Dans la plupart des années, nous effectuions nos vols sur des hélicoptères des FARJ (Hueys et Super Puma). Jusqu’àmaintenant, nous avons effectué 8 « saisons », avec un total de 82 heures de vols (certains sur un avion léger, Cessna). L’un des auteurs a transféré son avion britannique en Jordanie. La compagnie Chams nous a aidé dans cette opération, et nous en lui sommes reconnaissants. Nous avons survolé le pays de long en large, de l’est vers le Jourdain, et des frontières syriennes vers le golfe Al Aqaba. C’est avec une grande et constante sensation qu’on voit ce beau pays par voie aérienne. La diversité des lieus et des paysages, les plaines allant de la Mer Morte – le niveau le plus bas du monde – au plateau dont sont issus des brèches rocheuses, contraste fortement avec le vaste désert et avec les paysages s’étalant de la Mer Méditerranée au nord. Les paysages des régions arides suscitent les plus fortes sensations. Mais, les bulldozers sont arrivés maintenant dans toutes les régions de Jordanie. Notre travail va peut-être permettre l’enregistrement de ces lieux pour la première et la dernière fois.
On pu photographier des sites de différents types et de diverses périodes historiques ; soit un total de quelque milliers de photos en couleur et en noir et blanc. En 2003, nous avons pu leur ajouter d’autres photos prises par une caméra vidéo numérique. Les photos sont àla dispositions du public, soit par le biais des auteurs, soit àAmman, par le biais du Centre britannique de recherches de l’Orient, de la division archéologique, ou àLondres, par le biais de l’institution des prospections de Palestine
L’objectif de départ consistait àphotographier 200 sites connus, représentant les diverses périodes historiques, des avions en papier aux forteresses ottomanes. Ce fut lànotre objectif chaque année, avec des ajouts pour étendre la liste des sites qu’on peut photographier. Nous avons élargi par la suite nos objectifs, pour expérimenter la prise de photo dans des saisons et en des temps différents, pour chercher minutieusement des sites en danger et pour chercher certains monuments précis. L’un de nos objectifs permanent a consisté àconcilier entre la recherche archéologique et les besoins d’un petit pays en développement. Les villes Petra, la nabatéenne et Jéricho, la romaine, sont très connues ; mais, la Jordanie dispose d’un héritage culturel immense. Il n’y a pas mieux que les photos en couleur pour exposer ce trésor ; photos qui font le parallèle avec celles prises par Poidebard et dont les lecteurs ont pu apprécier, 70 années durant. Le fruit de ce travail est contenu dans notre livre « L’ancienne Jordanie, vue aérienne », Londres, 2004.

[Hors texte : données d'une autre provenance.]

(* Let $A \in \mathbb{R}^{n\times n}$ be a full-rank real matrix all of whose eigenvalues have negative real part, let $P = P^\top \in \mathbb{R}^{n\times n}$, and set $U(\bm{x}) = \tfrac12 \bm{x}^\top P \bm{x}$. Then the decomposition $A\bm{x} = -\nabla U(\bm{x}) + f_U(\bm{x})$ holds for all $\bm{x}\in\mathbb{R}^n$ with $f_U(\bm{x}) = (A+P)\bm{x}$. Suppose further that $P$ is an optimal solution of the optimization problem \[ \text{maximize } \operatorname{tr}(P) \quad \text{subject to} \quad P = P^\top,\quad P(A+P) \preceq 0 . \] Then $PA + A^\top P + 2P^2 = 0$, and hence $\nabla U(\bm{x}) \cdot f_U(\bm{x}) = 0$ for all $\bm{x}\in\mathbb{R}^n$.
   Context: For a (not necessarily symmetric) square matrix $M$, the constraint $M \preceq 0$ means $\bm{x}^\top M \bm{x} \le 0$ for all $\bm{x}\in\mathbb{R}^n$, i.e. the symmetric part $\tfrac12(M+M^\top)$ is negative semidefinite; thus $P(A+P)\preceq 0$ is equivalent to $PA + A^\top P + 2P^2 \preceq 0$. $\operatorname{tr}$ denotes the trace. *)

theory Defs
  imports "HOL-Analysis.Analysis"
begin

definition cmat :: "real^'n^'n \<Rightarrow> complex^'n^'n" where
  "cmat A = (\<chi> i j. complex_of_real (A $ i $ j))"

definition is_eigenvalue :: "real^'n^'n \<Rightarrow> complex \<Rightarrow> bool" where
  "is_eigenvalue A l \<longleftrightarrow> (\<exists>v::complex^'n. v \<noteq> 0 \<and> cmat A *v v = l *s v)"

text \<open>M \<preceq> 0 for a not necessarily symmetric matrix.\<close>
definition nsd :: "real^'n^'n \<Rightarrow> bool" where
  "nsd M \<longleftrightarrow> (\<forall>x. x \<bullet> (M *v x) \<le> 0)"

definition feasible :: "real^'n^'n \<Rightarrow> real^'n^'n \<Rightarrow> bool" where
  "feasible A P \<longleftrightarrow> transpose P = P \<and> nsd (P ** (A + P))"

definition optimal :: "real^'n^'n \<Rightarrow> real^'n^'n \<Rightarrow> bool" where
  "optimal A P \<longleftrightarrow> feasible A P \<and> (\<forall>Q. feasible A Q \<longrightarrow> trace Q \<le> trace P)"

end

(*
  At a feasible P the matrix S = P A + A^T P + 2 P^2 is negative semidefinite, since
  x^T S x = 2 (P x) . ((A + P) x) <= 0. If S <> 0, pick v = S w <> 0; Cauchy-Schwarz for the
  form -S bounds (v . x)^2 by a multiple of -(P x) . ((A + P) x). The constraint is convex in P,
  and the Hurwitz assumption yields a strictly feasible P0, a scaled solution of the Lyapunov
  equation P0 A + A^T P0 = -I. A small step from P towards P0 plus a rank-one term eps v v^T
  then stays feasible and increases the trace, so at an optimum S = 0.

  The Lyapunov equation is solvable because its linear operator is injective: a solution of
  Q A + A^T Q = 0 solves the Sylvester equation A^T Q = Q (-A), and as A^T and -A have no common
  eigenvalue, multiplying by a product of linear factors annihilating -A (fundamental theorem of
  algebra) forces Q = 0.
*)

theory Submission
  imports Defs "HOL-Computational_Algebra.Fundamental_Theorem_Algebra"
begin

lemma inner_matrix_vector_mult: "(x::real^'n) \<bullet> (M *v y) = (transpose M *v x) \<bullet> y"
  by (simp add: dot_lmul_matrix)

lemma inner_matrix_vector_mult_symmetric:
  "transpose M = M \<Longrightarrow> (x::real^'n) \<bullet> (M *v y) = (M *v x) \<bullet> y"
  using inner_matrix_vector_mult[of x M y] by simp

lemma transpose_add: "transpose (M + N) = transpose M + transpose (N :: 'a::semiring_1^'n^'m)"
  by (simp add: transpose_def vec_eq_iff)

lemma transpose_diff: "transpose (M - N) = transpose M - transpose (N :: 'a::ring_1^'n^'m)"
  by (simp add: transpose_def vec_eq_iff)

lemma matrix_add_rdistrib: "(B + C) ** A = B ** A + C ** (A :: 'a::semiring_1^'n^'n)"
  by (simp add: matrix_matrix_mult_def vec_eq_iff sum.distrib distrib_right)

lemma matrix_vector_mult_uminus: "(- M) *v x = - (M *v (x::'a::ring_1^'n))"
  by (simp add: matrix_vector_mult_def vec_eq_iff sum_negf)

lemma trace_scaleR: "trace (r *\<^sub>R (M::real^'n^'n)) = r * trace M"
  by (simp add: trace_def sum_distrib_left)

definition outer_prod :: "real^'n \<Rightarrow> real^'n^'n" where
  "outer_prod v = (\<chi> i j. v$i * v$j)"

lemma outer_prod_mult_vector: "outer_prod v *v x = (v \<bullet> x) *\<^sub>R v"
  by (simp add: outer_prod_def matrix_vector_mult_def vec_eq_iff inner_vec_def sum_distrib_left
      mult_ac)

lemma trace_outer_prod: "trace (outer_prod v) = v \<bullet> v"
  by (simp add: outer_prod_def trace_def inner_vec_def)

lemma transpose_outer_prod: "transpose (outer_prod v) = outer_prod v"
  by (simp add: outer_prod_def transpose_def vec_eq_iff mult.commute)

lemma mat_matrix_mul_eq_scale:
  fixes M :: "'a::semiring_1^'n^'m"
  shows "mat a ** M = (\<chi> i j. a * M $ i $ j)"
  by (simp add: matrix_matrix_mult_def mat_def vec_eq_iff if_distrib if_distribR sum.delta
      cong: if_cong)

lemma matrix_mul_mat_eq_scale:
  fixes M :: "'a::semiring_1^'n^'m"
  shows "M ** mat a = (\<chi> i j. M $ i $ j * a)"
  by (simp add: matrix_matrix_mult_def mat_def vec_eq_iff if_distrib if_distribR sum.delta
      cong: if_cong)

lemma mat_matrix_mul_commute: "mat a ** M = M ** (mat a :: 'a::comm_semiring_1^'n^'n)"
  by (simp add: mat_matrix_mul_eq_scale matrix_mul_mat_eq_scale mult.commute)

lemma mat_mult_mat: "mat a ** mat b = (mat (a * b) :: 'a::semiring_1^'n^'n)"
  by (simp add: mat_matrix_mul_eq_scale) (simp add: mat_def vec_eq_iff)

lemma mat_add: "mat (a + b) = mat a + (mat b :: 'a::semiring_1^'n^'n)"
  by (simp add: mat_def vec_eq_iff)

lemma mat_uminus: "mat (- a) = - (mat a :: 'a::ring_1^'n^'n)"
  by (simp add: mat_def vec_eq_iff)

lemma matrix_diff_ldistrib: "A ** (B - C) = A ** B - A ** (C :: 'a::ring_1^'n^'n)"
  by (simp add: matrix_matrix_mult_def vec_eq_iff sum_subtractf right_diff_distrib)

lemma matrix_diff_rdistrib: "(B - C) ** A = B ** A - C ** (A :: 'a::ring_1^'n^'n)"
  by (simp add: matrix_matrix_mult_def vec_eq_iff sum_subtractf left_diff_distrib)

lemma matrix_mul_uminus_left: "(- A) ** B = - (A ** (B :: 'a::ring_1^'n^'n))"
  by (simp add: matrix_matrix_mult_def vec_eq_iff sum_negf)

lemma matrix_mul_uminus_right: "A ** (- B) = - (A ** (B :: 'a::ring_1^'n^'n))"
  by (simp add: matrix_matrix_mult_def vec_eq_iff sum_negf)

lemma matrix_mul_sum_right: "A ** (\<Sum>i\<in>I. f i) = (\<Sum>i\<in>I. A ** f i :: 'a::semiring_1^'n^'n)"
  by (induction I rule: infinite_finite_induct) (auto simp: matrix_add_ldistrib)

lemma mat_of_real_matrix_mul: "mat (of_real r) ** M = r *\<^sub>R (M :: 'a::real_algebra_1^'n^'n)"
  by (simp add: mat_matrix_mul_eq_scale vec_eq_iff) (simp add: scaleR_conv_of_real)

lemma mat_matrix_vector_mult: "mat a *v x = a *s (x :: 'a::semiring_1^'n)"
  by (simp add: matrix_vector_mult_def mat_def vec_eq_iff if_distrib if_distribR sum.delta
      cong: if_cong)

lemma invertible_matrix_mul_eq_0_left:
  fixes M Y :: "'a::field^'n^'n"
  assumes "invertible M" "M ** Y = 0"
  shows "Y = 0"
proof -
  obtain M' where "M' ** M = mat 1" using assms(1) by (auto simp: invertible_def)
  then have "Y = M' ** (M ** Y)" by (simp add: matrix_mul_assoc)
  with assms(2) show ?thesis by simp
qed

Les aviateurs des FARJ nous ont rendu maints services. Ils ont compris nos besoins, ont fait des vols difficiles pour nous permettre de photographier certains paysages. Ces vols étaient aussi l’occasion de passer des stages aux jeunes aviateurs. Ainsi, nous avons pu réaliser un certain nombre de découvertes archéologiques : des forteresses romaines, des sites préhistoriques. En même temps, nous étions les témoins des destructions : les bulldozers sont présents même dans le désert, excepté le joyau de l’archéologie jordanienne, Petra au sud et Jéricho et les forteresses chrétiennes.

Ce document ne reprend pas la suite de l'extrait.